Software development is fraught with risk that can run projects aground like a ship against a rocky beach. Whether it is misunderstood requirements, rapidly evolving marketplaces or old-fashioned bugs and schedule slippage, all can derail otherwise well-resourced and managed software development projects.
Even when software development teams eventually ship their product and collect payment from their customers, there is no guarantee that the product will be used. A 2022 study found that among those paying for SaaS software, 29% of their software is either underutilized or wasted. This study also noted that only 33% of IT professionals track SaaS software usage. The takeaway here is stark: As an industry, most of our labor is not going to productive ends.
This is not a new trend in software; an entire ecosystem of tooling exists to help software development companies collect user engagement metrics to drive development decisions. In fact, out of the top 10 million websites in the world, nearly two-thirds have an analytics solution in place. By contrast, however, API applications lag far behind in adoption of this practice. It is difficult to get market penetration data for API analytics, but a report from API management vendor Apigee revealed that even among its customers (that is, those who were already paying for a service that included API analytics), only 26% made use of the analytics functionality. This gives credence to the belief that most features go unused.
API application owners who are not integrating real-world analytics usage data into their decision-making process are leaving time and money on the table. Despite not having immediate access to user behavior, API analytics can be quite valuable in helping API application owners make better decisions about application development and maintenance.
API application owners should look to the following three ways to make better product development decisions.
Prioritize Feature Development in the Most Actively Used Areas of the Application
One of the best lessons I learned from working at a bike shop is “stock what sells.” In other words, there’s no point in filling your shelves with products that your customers aren’t buying. The same goes for stocking your API product catalog with endpoints that your customer isn’t using.
API analytics allow API product owners to measure the use of features and evaluate their effectiveness. Product owners can use this valuable information to prioritize extending popular features or developing new features, with a clear yardstick for measuring usage. Further, this data enables development teams to “maximize the amount of work not done,” by shipping preliminary feature sets and evaluating usage metrics before a full implementation. Likewise, if the real-world feedback is not encouraging, it allows you to pivot to another opportunity within the product.
Deprecate or Sunset Unused Application Features
Unused code and features are a liability to an API product organization and can carry bugs, create performance problems and introduce security risks. I’ve seen situations as a software developer where these older features were written by developers who have long since left the organization. These unused sections often harbor serious security flaws and vulnerabilities (such as software dependencies that go unpatched for years) and dubious authorization logic that no one at the company fully understands.
Unused, extraneous features also contribute to a bloated product that can distract end users from the core value of your API. It can be difficult to advocate for the removal of “working product features,” but API analytics data can help make a strong case that certain features are nothing but an expensive distraction. Removing old, unused parts of your application also frees developers to focus on the parts that users love.

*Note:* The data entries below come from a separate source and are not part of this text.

lemma intact_rail:
  assumes "finite S" "card S < 3"
  obtains i where "i < 3" "\<And>j. rail j i \<notin> S"
proof -
  have "\<exists>i<3. i \<notin> (\<lambda>v. v mod 3) ` S"
  proof (rule ccontr)
    assume "\<not> ?thesis"
    then have "{0, 1, 2} \<subseteq> (\<lambda>v. v mod 3) ` S" by auto
    then have "card {0, 1, 2 :: nat} \<le> card ((\<lambda>v. v mod 3) ` S)"
      by (rule card_mono[OF finite_imageI[OF assms(1)]])
    then show False using card_image_le[OF assms(1), of "\<lambda>v. v mod 3"] assms(2) by simp
  qed
  then obtain i where "i < 3" "i \<notin> (\<lambda>v. v mod 3) ` S" by blast
  then have "rail j i \<notin> S" for j by (metis image_eqI rail_mod)
  then show ?thesis using that \<open>i < 3\<close> by blast
qed

text \<open>If the hub of level \<open>j\<close> is deleted and the way from \<open>rail j i\<close> up to \<open>p\<close> is blocked,
  both deleted vertices are used up, so the way down to \<open>q\<close> is free.\<close>

lemma downward_route_free:
  assumes "finite S" "card S < 3" "j < k" "i < 3" "rail j i \<notin> S" "c j \<in> S"
    and blocked: "s \<in> S" "s = p \<or> (\<exists>j' \<le> j. s = rail j' i)"
  shows "q \<notin> S" "\<And>j'. j \<le> j' \<Longrightarrow> j' < k \<Longrightarrow> rail j' i \<notin> S"
proof -
  have "c j \<noteq> s" using blocked(2) assms(3,4) by (auto simp del: hub_eq_iff)
  then have two: "S \<subseteq> {c j, s}" using subset_of_two[OF assms(1,2,6) blocked(1)] by blast
  have "q \<noteq> s" using blocked(2) assms(3,4) by auto
  then show "q \<notin> S" using two assms(3) by auto
  show "rail j' i \<notin> S" if "j \<le> j'" "j' < k" for j'
  proof
    assume "rail j' i \<in> S"
    then have "rail j' i = s" using two that assms(4) by auto
    then show False using blocked assms(4,5) that by auto
  qed
qed

lemma rail_vertex_reaches_intact_rail:
  assumes S: "finite S" "card S < 3" and i0: "i0 < 3" "\<And>j. rail j i0 \<notin> S"
    and ji: "j < k" "i < 3" "rail j i \<notin> S"
  shows "(rail 0 i0, rail j i) \<in> (surviving_arcs S)\<^sup>*"
proof -
  let ?R = "(surviving_arcs S)\<^sup>*"
  have along_i0: "(rail 0 i0, rail j' i0) \<in> ?R" if "j' < k" for j'
    using rail_path[of i0 j' 0 S] i0 that by auto
  consider "c j \<notin> S" | "c j \<in> S" "p \<notin> S" "\<forall>j' \<le> j. rail j' i \<notin> S"
    | s where "c j \<in> S" "s \<in> S" "s = p \<or> (\<exists>j' \<le> j. s = rail j' i)" by blast
  then show ?thesis
  proof cases
    case 1
    have "(rail j i0, c j) \<in> ?R" "(c j, rail j i) \<in> ?R"
      using 1 i0 ji ladder_arcsI(1)[OF ji(1)] ladder_arc_sym by (simp_all add: surviving_arc)
    then show ?thesis using along_i0[OF ji(1)] by (meson rtrancl_trans)
  next
    case 2
    have "(rail 0 i0, p) \<in> ?R" "(p, rail 0 i) \<in> ?R"
      using 2 i0 ji ladder_arcsI(2) ladder_arc_sym by (simp_all add: surviving_arc)
    moreover have "(rail 0 i, rail j i) \<in> ?R" using 2 ji by (intro rail_path) auto
    ultimately show ?thesis by (meson rtrancl_trans)
  next
    case (3 s)
    note free = downward_route_free[OF S ji 3]
    have "(rail j i, rail (k - 1) i) \<in> ?R" using free ji by (intro rail_path) auto
    moreover have "(rail (k - 1) i, q) \<in> ?R" "(q, rail (k - 1) i0) \<in> ?R"
      using free k_pos ji i0 ladder_arcsI(3) ladder_arc_sym by (simp_all add: surviving_arc)
    ultimately have "(rail j i, rail (k - 1) i0) \<in> ?R" by (meson rtrancl_trans)
    then show ?thesis using along_i0[of "k - 1"] k_pos surviving_path_sym
      by (meson diff_less rtrancl_trans zero_less_one)
  qed
qed

lemma three_connected_ladder: "k_connected 3 G"
  unfolding k_connected_def
proof (intro conjI allI impI)
  show "3 < card (pverts G)" using card_verts_ladder k_pos by simp
next
  fix S assume "S \<subseteq> pverts G" "card S < 3"
  then have S: "finite S" "card S < 3" using finite_subset by (auto simp: verts_ladder)
  obtain i0 where i0: "i0 < 3" "\<And>j. rail j i0 \<notin> S" using intact_rail[OF S] by blast
  let ?R = "(surviving_arcs S)\<^sup>*"
  have reach: "(rail 0 i0, u) \<in> ?R" if "u \<in> pverts G - S" for u
  proof -
    have u: "u < 4 * k + 2" "u \<notin> S" using that by (auto simp: verts_ladder)
    from u(1) show ?thesis
    proof (cases rule: vertex_cases)
      case (rail j i)
      then show ?thesis using rail_vertex_reaches_intact_rail[OF S i0] u(2) by blast
    next
      case (hub j)
      have "(rail j i0, u) \<in> ?R" using hub u(2) i0 ladder_arcsI(1) by (simp add: surviving_arc)
      then show ?thesis
        using rail_vertex_reaches_intact_rail[OF S i0 hub(1) i0] by (meson rtrancl_trans)
    next
      case p
      then show ?thesis using u(2) i0 ladder_arcsI(2) by (simp add: surviving_arc)
    next
      case q
      have "(rail (k - 1) i0, u) \<in> ?R" using q u(2) i0 ladder_arcsI(3) by (simp add: surviving_arc)
      moreover have "(rail 0 i0, rail (k - 1) i0) \<in> ?R"
        using rail_vertex_reaches_intact_rail[OF S i0 _ i0] k_pos by simp
      ultimately show ?thesis by (meson rtrancl_trans)
    qed
  qed
  show "connected_after_removal G S"
    unfolding connected_after_removal_def surviving_arcs_def[symmetric]
    using reach surviving_path_sym by (meson rtrancl_trans)
qed

end

section \<open>Nonplanarity\<close>

lemma pair_bidirected_digraph_if_pair_graph: "pair_graph H \<Longrightarrow> pair_bidirected_digraph H"
proof -
  assume "pair_graph H"
  then interpret pair_graph H .
  show ?thesis by unfold_locales
qed

lemma wf_digraph_if_pair_graph: "pair_graph H \<Longrightarrow> wf_digraph (with_proj H)"
proof -
  assume "pair_graph H"
  then interpret pair_graph H .
  show ?thesis by unfold_locales
qed

context claw_ladder
begin

text \<open>The subgraph formed by \<open>p\<close>, \<open>c 0\<close>, \<open>q\<close> and the first \<open>d i + 1\<close> vertices of each rail \<open>i\<close>,
  the last of them joined to \<open>q\<close>. For \<open>d = 0\<close> it is \<open>K\<^sub>3\<^sub>,\<^sub>3\<close>; lengthening a rail by one
  vertex subdivides its arc into \<open>q\<close>.\<close>

definition rail_segments :: "(nat \<Rightarrow> nat) \<Rightarrow> (nat \<times> nat) set" where
  "rail_segments d = {(rail j i, rail (Suc j) i) | j i. i < 3 \<and> j < d i}"

definition rail_ends :: "(nat \<Rightarrow> nat) \<Rightarrow> (nat \<times> nat) set" where
  "rail_ends d = {(rail (d i) i, q) | i. i < 3}"

definition top_spokes :: "(nat \<times> nat) set" where
  "top_spokes = {(rail 0 i, p) | i. i < 3} \<union> {(rail 0 i, c 0) | i. i < 3}"

definition truncated_arcs :: "(nat \<Rightarrow> nat) \<Rightarrow> (nat \<times> nat) set" where
  "truncated_arcs d = top_spokes \<union> rail_segments d \<union> rail_ends d"

definition truncated_ladder :: "(nat \<Rightarrow> nat) \<Rightarrow> nat pair_pre_digraph" where
  "truncated_ladder d =
     \<lparr>pverts = {p, c 0, q} \<union> {rail j i | j i. i < 3 \<and> j \<le> d i},
      parcs = truncated_arcs d \<union> (truncated_arcs d)\<inverse>\<rparr>"

definition valid_depths :: "(nat \<Rightarrow> nat) \<Rightarrow> bool" where
  "valid_depths d \<longleftrightarrow> (\<forall>i<3. d i < k)"

lemma truncated_arcs_iff:
  "(x, y) \<in> truncated_arcs d \<longleftrightarrow>
     (\<exists>i<3. x = rail 0 i \<and> (y = p \<or> y = c 0))
     \<or> (\<exists>j i. i < 3 \<and> j < d i \<and> x = rail j i \<and> y = rail (Suc j) i)
     \<or> (\<exists>i<3. x = rail (d i) i \<and> y = q)"
  unfolding truncated_arcs_def top_spokes_def rail_segments_def rail_ends_def by auto

lemma truncated_ladder_verts_subset:
  assumes "valid_depths d"
  shows "pverts (truncated_ladder d) \<subseteq> pverts G"
proof -
  have "rail j i \<in> pverts G" if "i < 3" "j \<le> d i" for i j
    using that assms vertices_in_ladder(1)[of j i] unfolding valid_depths_def verts_ladder by force
  then show ?thesis using k_pos vertices_in_ladder unfolding truncated_ladder_def verts_ladder by auto
qed

lemma pair_graph_truncated_ladder:
  assumes "valid_depths d"
  shows "pair_graph (truncated_ladder d)"
proof (rule pair_graphI_sym)
  show "finite (pverts (truncated_ladder d))"
    using truncated_ladder_verts_subset[OF assms] by (rule finite_subset) (simp add: verts_ladder)
next
  let ?V = "pverts (truncated_ladder d)"
  have rail_in: "rail j i \<in> ?V" if "i < 3" "j \<le> d i" for j i
    using that unfolding truncated_ladder_def by auto
  have poles_in: "p \<in> ?V" "c 0 \<in> ?V" "q \<in> ?V" unfolding truncated_ladder_def by auto
  have "x \<in> ?V \<and> y \<in> ?V \<and> x \<noteq> y" if "(x, y) \<in> truncated_arcs d" for x y
    using that unfolding truncated_arcs_iff
  proof (elim disjE exE conjE)
    fix i assume "i < 3" "x = rail 0 i" "y = p"
    then show ?thesis using rail_in[where j = 0 and i = i] poles_in k_pos by auto
  next
    fix i assume "i < 3" "x = rail 0 i" "y = c 0"
    then show ?thesis using rail_in[where j = 0 and i = i] poles_in k_pos by auto
  next
    fix j i assume "i < 3" "j < d i" "x = rail j i" "y = rail (Suc j) i"
    then show ?thesis using rail_in[where j = j and i = i] rail_in[where j = "Suc j" and i = i] by auto
  next
    fix i assume "i < 3" "x = rail (d i) i" "y = q"
    then show ?thesis
      using rail_in[where j = "d i" and i = i] poles_in assms unfolding valid_depths_def by auto
  qed
  moreover have "parcs (truncated_ladder d) = truncated_arcs d \<union> (truncated_arcs d)\<inverse>"
    by (simp add: truncated_ladder_def)
  ultimately show "u \<in> ?V \<and> v \<in> ?V \<and> u \<noteq> v \<and> (v, u) \<in> parcs (truncated_ladder d)"
    if "(u, v) \<in> parcs (truncated_ladder d)" for u v
    using that by auto
qed

lemma full_truncated_ladder_arcs: "parcs (truncated_ladder (\<lambda>_. k - 1)) \<subseteq> parcs G"
proof -
  have "(x, y) \<in> parcs G" if "(x, y) \<in> truncated_arcs (\<lambda>_. k - 1)" for x y
    using that k_pos ladder_arcsI unfolding truncated_arcs_iff by auto
  then show ?thesis using ladder_arc_sym unfolding truncated_ladder_def by auto
qed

Prioritize Performance Improvements
Performance is often a fine balance between implementation time/costs and product requirements.
It’s a well-understood maxim in software development that premature optimization is the root of all evil. Yet in the absence of real-world performance data, determining what represents premature optimization versus totally-necessary-and-prudent optimization often comes down to a subjective argument among engineers or worse, a risk-averse software development culture that contributes to slow time-to-market.
Having an objective measure of performance impact, like the number of instances in which clients are impacted by suboptimal performance, can help application owners decide how to allocate their budget to improving performance versus developing new features or fixing bugs. Moreover, having this feedback loop in place can empower development teams to take a nimble “go fast, release often and evaluate” approach to development. Rather than optimizing performance up front out of fear that invisible problems will lead to bad performance and dissatisfied users, performance can be tracked and reviewed over time.
Selecting API Analytics Solutions
API product owners operating a single application have a variety of choices when it comes to deciding which analytics tool to use for their product. Many specialized solutions exist for individual API development languages and frameworks. However, security teams have a unique problem: They need all the data, across all applications and across all the tech platforms within the organization. In that case, I recommend an API protection vendor with strong API analytics capabilities that not only protects against threats but also gives you the visibility you need to prioritize efforts.
API analytics should be a tool that powers innovation. Don’t leave it unused in your toolbox.